Кто тогда гнал Иосифа из дома? Чего, спрашивается, не сиделось ему в теплом?.. Вишь, в полночь зашлепал веслами по воде: к вам хочу! А не спросил, хотели они этого или нет...
А так что? Один захотел, остальные — нет. Поэтому и случилась беда. Да еще какая: погиб человек...
И вот сейчас Катя не знала, что думать: был это Кучинский или кто иной... Определенности нет. Поэтому и тяжело на душе. Очень... Чувство такое, будто тебе не дают вздохнуть. За эти годы ощущение вины приутихло: так при ожоге бывает — затянется коркой, и вдруг невзначай сорвешь ее — взвоешь от боли...

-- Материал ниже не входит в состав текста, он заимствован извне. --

definition dual_pre_poisson ::
  "(('k::field, 'n) vec \<Rightarrow> ('k, 'n) vec \<Rightarrow> ('k, 'n) vec) \<Rightarrow>
   (('k, 'n) vec \<Rightarrow> ('k, 'n) vec \<Rightarrow> ('k, 'n) vec) \<Rightarrow> bool" where
  "dual_pre_poisson cc br \<longleftrightarrow>
     bilinear_op cc \<and> bilinear_op br \<and>
     (\<forall>x y z. cc x (cc y z) = cc (cc x y) z) \<and>
     (\<forall>x y z. cc (cc x y) z = cc (cc y x) z) \<and>
     (\<forall>x y z. br x (br y z) = vadd (br (br x y) z) (br y (br x z))) \<and>
     (\<forall>x y z. br x (cc y z) = vadd (cc (br x y) z) (cc y (br x z))) \<and>
     (\<forall>x y z. br (cc x y) z = vadd (cc x (br y z)) (cc y (br x z))) \<and>
     (\<forall>x y z. cc (br x y) z = vneg (cc (br y x) z))"

definition bsq_op where "bsq_op cc x y = vsub (cc x y) (cc y x)"
definition sq_op where "sq_op br x y = vadd (br x y) (br y x)"

text \<open>For \<open>f : A \<rightarrow> End(A)\<close> (given as \<open>f x y\<close>), \<open>f\<^sup>*(x) : A* \<rightarrow> A*\<close> with
  \<open>\<langle>f\<^sup>*(x) a, y\<rangle> = - \<langle>a, f(x) y\<rangle>\<close>, in dual-basis coordinates.\<close>
definition dual_op ::
  "(('k::field, 'n::finite) vec \<Rightarrow> ('k, 'n) vec \<Rightarrow> ('k, 'n) vec) \<Rightarrow>
   ('k, 'n) vec \<Rightarrow> ('k, 'n) vec \<Rightarrow> ('k, 'n) vec" where
  "dual_op f x a = (\<lambda>j. - dpair a (f x (basis_vec j)))"

text \<open>\<open>r \<in> A\<otimes>A\<close> as a coefficient array; \<open>\<tilde>r\<close> with \<open>\<langle>\<tilde>r(u), v\<rangle> = \<langle>r, u\<otimes>v\<rangle>\<close>.\<close>
definition r_tilde :: "('n::finite \<Rightarrow> 'n \<Rightarrow> 'k::field) \<Rightarrow> ('k, 'n) vec \<Rightarrow> ('k, 'n) vec" where
  "r_tilde r u = (\<lambda>j. \<Sum>i\<in>UNIV. u i * r i j)"

definition tensor_sym :: "('n \<Rightarrow> 'n \<Rightarrow> 'k) \<Rightarrow> bool" where
  "tensor_sym r \<longleftrightarrow> (\<forall>i j. r i j = r j i)"
(* Let $K$ be a closed braid diagram and let $K'$ be the result of negatively stabilizing $K$ once (so $\mathit{sl}(K')=\mathit{sl}(K)-2$). Let $\psi$ denote $\psi^+$ or $\psi^-$, and let $f\colon\mathcal{C}(K)\to\mathcal{C}(K')$ and $g\colon\mathcal{C}(K')\to\mathcal{C}(K)$ be the filtered chain maps giving Reidemeister I invariance for this negative stabilization. Then there are elements $\theta\in\mathcal{F}_{\mathit{sl}(K')}\mathcal{C}^{-1}(K)$ and $\theta'\in\mathcal{F}_{\mathit{sl}(K')}\mathcal{C}^{-1}(K')$, local in the sense described in the context, such that \[ g(\psi(K'))=\pm\psi(K)+\delta\theta\ \text{in }\mathcal{F}_{\mathit{sl}(K')}\mathcal{C}(K),\qquad f(\psi(K))=\pm\psi(K')+\delta\theta'\ \text{in }\mathcal{F}_{\mathit{sl}(K')}\mathcal{C}(K').\]
   Context: Bar-Natan complex. Let $V=\mathbb{Z}\langle x_+,x_-\rangle$ with multiplication $m(x_+\otimes x_+)=x_+$, $m(x_+\otimes x_-)=m(x_-\otimes x_+)=x_-$, $m(x_-\otimes x_-)=x_-$, and comultiplication $\Delta(x_-)=x_-\otimes x_-$, $\Delta(x_+)=x_+\otimes x_-+x_-\otimes x_+-x_+\otimes x_+$. Put $x_{|}=x_--x_+$. For an oriented link diagram $K$ with $n$ ordered crossings ($n_+$ positive, $n_-$ negative), complete resolutions $K_v$ are indexed by $v\in\{0,1\}^n$, the orientation-respecting smoothing being the $0$-resolution at positive and the $1$-resolution at negative crossings. $\mathcal{C}(K)$ is freely generated by pairs $(v,x)$, $x$ a labeling of circles of $K_v$ by $x_\pm$, with Khovanov's cube-of-resolutions differential $\delta$ built from this $m,\Delta$. Gradings: $\mathrm{gr}_h(v,x)=-n_-+|v|$ ($\mathcal{C}^i$ = degree $i$), $\mathrm{gr}_q(v,x)=n_+-2n_-+|v|+\#x_+-\#x_-$ (not decreased by $\delta$); $\mathcal{F}_j\mathcal{C}$ = span of generators with $\mathrm{gr}_q\ge j$. For an orientation $o$, $\psi(o)$ is the cycle over the oriented resolution labeling each circle $C$ by $x_-$ or $x_{|}$ according as an arc from a point just to the left of $C$ to $\infty$ meets an even or odd number of circles. For $K$ the closure of a braid in $B_m$ with braid orientation $o$, $\psi^+(K)=\psi(o)$, $\psi^-(K)=\psi(-o)$, both in $\mathcal{F}_{\mathit{sl}(K)}\mathcal{C}^0(K)$, $\mathit{sl}(K)=n_+-n_--m$. Negative stabilization replaces the braid $B\in B_m$ by $B\sigma_m^{-1}\in B_{m+1}$, i.e. a negative Reidemeister I move with new crossing $c$. With $K'$ the stabilized diagram, $(K')_0\cong K$ and $(K')_1\cong K\sqcup U_0$ (resolving $c$); the generators of $\mathcal{C}((K')_1)$ with $U_0$ labeled $x_+$ span a subcomplex $D$ identified with $\mathcal{C}(K)$ (forgetting $U_0$, preserving gradings). The stabilization map $f$ is the inclusion $\mathcal{C}(K)\cong D\hookrightarrow\mathcal{C}(K')$; the remaining generators cancel in pairs via the arrows $x\mapsto x\otimes x_-$, and $g$ is the resulting filtered homotopy inverse. Locality: an element is local if it lies over vertices agreeing with the oriented-resolution vertex away from the new crossing and its labels on circles away from the stabilization region agree with those of the corresponding canonical cycle. *)

theory Defs
  imports Main
begin

text \<open>Crossing k (0 <= k < length w) is the k-th letter.
  For the braid orientation (strands oriented upwards), sigma_i gives a positive crossing.\<close>

datatype bgen = Sig nat | SigInv nat

fun bidx :: "bgen \<Rightarrow> nat" where
  "bidx (Sig i) = i" | "bidx (SigInv i) = i"

fun bpos :: "bgen \<Rightarrow> bool" where
  "bpos (Sig i) = True" | "bpos (SigInv i) = False"

definition braid_word :: "nat \<Rightarrow> bgen list \<Rightarrow> bool" where
  "braid_word m w \<longleftrightarrow> (\<forall>e\<in>set w. 1 \<le> bidx e \<and> bidx e < m)"

definition npos :: "bgen list \<Rightarrow> nat" where
  "npos w = length (filter bpos w)"

definition nneg :: "bgen list \<Rightarrow> nat" where
  "nneg w = length (filter (\<lambda>e. \<not> bpos e) w)"

definition sl :: "bgen list \<Rightarrow> nat \<Rightarrow> int" where
  "sl w m = int (npos w) - int (nneg w) - int m"

text \<open>Points (k, j): level k in {0..length w} (level k lies just below crossing k),
  strand position j in {1..m}. The closure joins level length w to level 0, the
  closing arcs running around to the right, so strand 1 is the outermost circle.
  A vertex v is the set of crossings resolved by the 1-resolution. The
  0-resolution of a positive crossing and the 1-resolution of a negative crossing
  are the oriented (vertical) smoothings.\<close>

definition pts :: "bgen list \<Rightarrow> nat \<Rightarrow> (nat \<times> nat) set" where
  "pts w m = {0..length w} \<times> {1..m}"

definition vertical :: "bgen list \<Rightarrow> nat set \<Rightarrow> nat \<Rightarrow> bool" where
  "vertical w v k \<longleftrightarrow> ((k \<in> v) = (\<not> bpos (w ! k)))"

definition adj :: "bgen list \<Rightarrow> nat \<Rightarrow> nat set \<Rightarrow> ((nat \<times> nat) \<times> (nat \<times> nat)) set" where
  "adj w m v =
     {((k, j), (Suc k, j)) | k j. k < length w \<and> 1 \<le> j \<and> j \<le> m
          \<and> j \<noteq> bidx (w ! k) \<and> j \<noteq> Suc (bidx (w ! k))}
   \<union> {((k, j), (Suc k, j)) | k j. k < length w \<and> vertical w v k
          \<and> (j = bidx (w ! k) \<or> j = Suc (bidx (w ! k)))}
   \<union> {((k, bidx (w ! k)), (k, Suc (bidx (w ! k)))) | k. k < length w \<and> \<not> vertical w v k}
   \<union> {((Suc k, bidx (w ! k)), (Suc k, Suc (bidx (w ! k)))) | k. k < length w \<and> \<not> vertical w v k}
   \<union> {((length w, j), (0, j)) | j. 1 \<le> j \<and> j \<le> m}"

definition conn :: "bgen list \<Rightarrow> nat \<Rightarrow> nat set \<Rightarrow> ((nat \<times> nat) \<times> (nat \<times> nat)) set" where
  "conn w m v = (adj w m v \<union> (adj w m v)\<inverse>)\<^sup>*"

definition circles :: "bgen list \<Rightarrow> nat \<Rightarrow> nat set \<Rightarrow> (nat \<times> nat) set set" where
  "circles w m v = {{q \<in> pts w m. (p, q) \<in> conn w m v} | p. p \<in> pts w m}"

section \<open>The Bar-Natan complex\<close>

text \<open>A generator (v, P): a vertex v together with a labeling of the circles of K_v,
  encoded by the set P of circles labeled x_+ (all others are labeled x_-).\<close>

type_synonym gen = "nat set \<times> (nat \<times> nat) set set"
type_synonym chain = "gen \<Rightarrow> int"

definition gens :: "bgen list \<Rightarrow> nat \<Rightarrow> gen set" where
  "gens w m = {(v, P). v \<subseteq> {..<length w} \<and> P \<subseteq> circles w m v}"

definition grh :: "bgen list \<Rightarrow> gen \<Rightarrow> int" where
  "grh w g = int (card (fst g)) - int (nneg w)"

definition grq :: "bgen list \<Rightarrow> nat \<Rightarrow> gen \<Rightarrow> int" where
  "grq w m g = int (npos w) - 2 * int (nneg w) + int (card (fst g))
      + int (card (snd g)) - int (card (circles w m (fst g) - snd g))"

text \<open>Coefficient of the edge map (merge m or split Delta) from (v,P) to (v',P').\<close>
definition edge_coef :: "bgen list \<Rightarrow> nat \<Rightarrow> gen \<Rightarrow> gen \<Rightarrow> int" where
  "edge_coef w m g g' =
    (let A = circles w m (fst g); B = circles w m (fst g'); P = snd g; P' = snd g';
         Old = A - B; N = B - A in
     if P \<inter> (A \<inter> B) \<noteq> P' \<inter> (A \<inter> B) then 0
     else if card Old = 2 \<and> card N = 1 then (if (N \<subseteq> P') = (Old \<subseteq> P) then 1 else 0)
     else if card Old = 1 \<and> card N = 2 then
       (if Old \<subseteq> P then
          (if card (N \<inter> P') = 1 then 1 else if card (N \<inter> P') = 2 then -1 else 0)
        else (if N \<inter> P' = {} then 1 else 0))
     else 0)"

Да что гадать! Это Иосиф. Глаза его. Катя хорошо помнит их, был случай, так и пропечатались в памяти. Когда? Однажды зимой сорок четвертого года...
В тот день вышла она из своей землянки на улицу, чтобы подышать свежим воздухом, — сыро в ее жилище, копоть от лучины да от огня из снарядной гильзы, заменяющей фонарь. Вышла на свет, остановилась... Ночью выпал снег. А утром небо очистилось от туч. Глянула перед собой — слепящая белизна, пересыпанная золотистыми блестками.
На мгновение зажмурилась, голова закружилась: не упасть бы. Открыла глаза, подождала, пока они привыкнут к яркому солнечному свету, к слепящей снежной белизне, посмотрела на улицу. Она была пустынной, но на снегу заметила две цепочки маленьких следов от бахил. Следы вели из того конца деревни в этот, к дамбе.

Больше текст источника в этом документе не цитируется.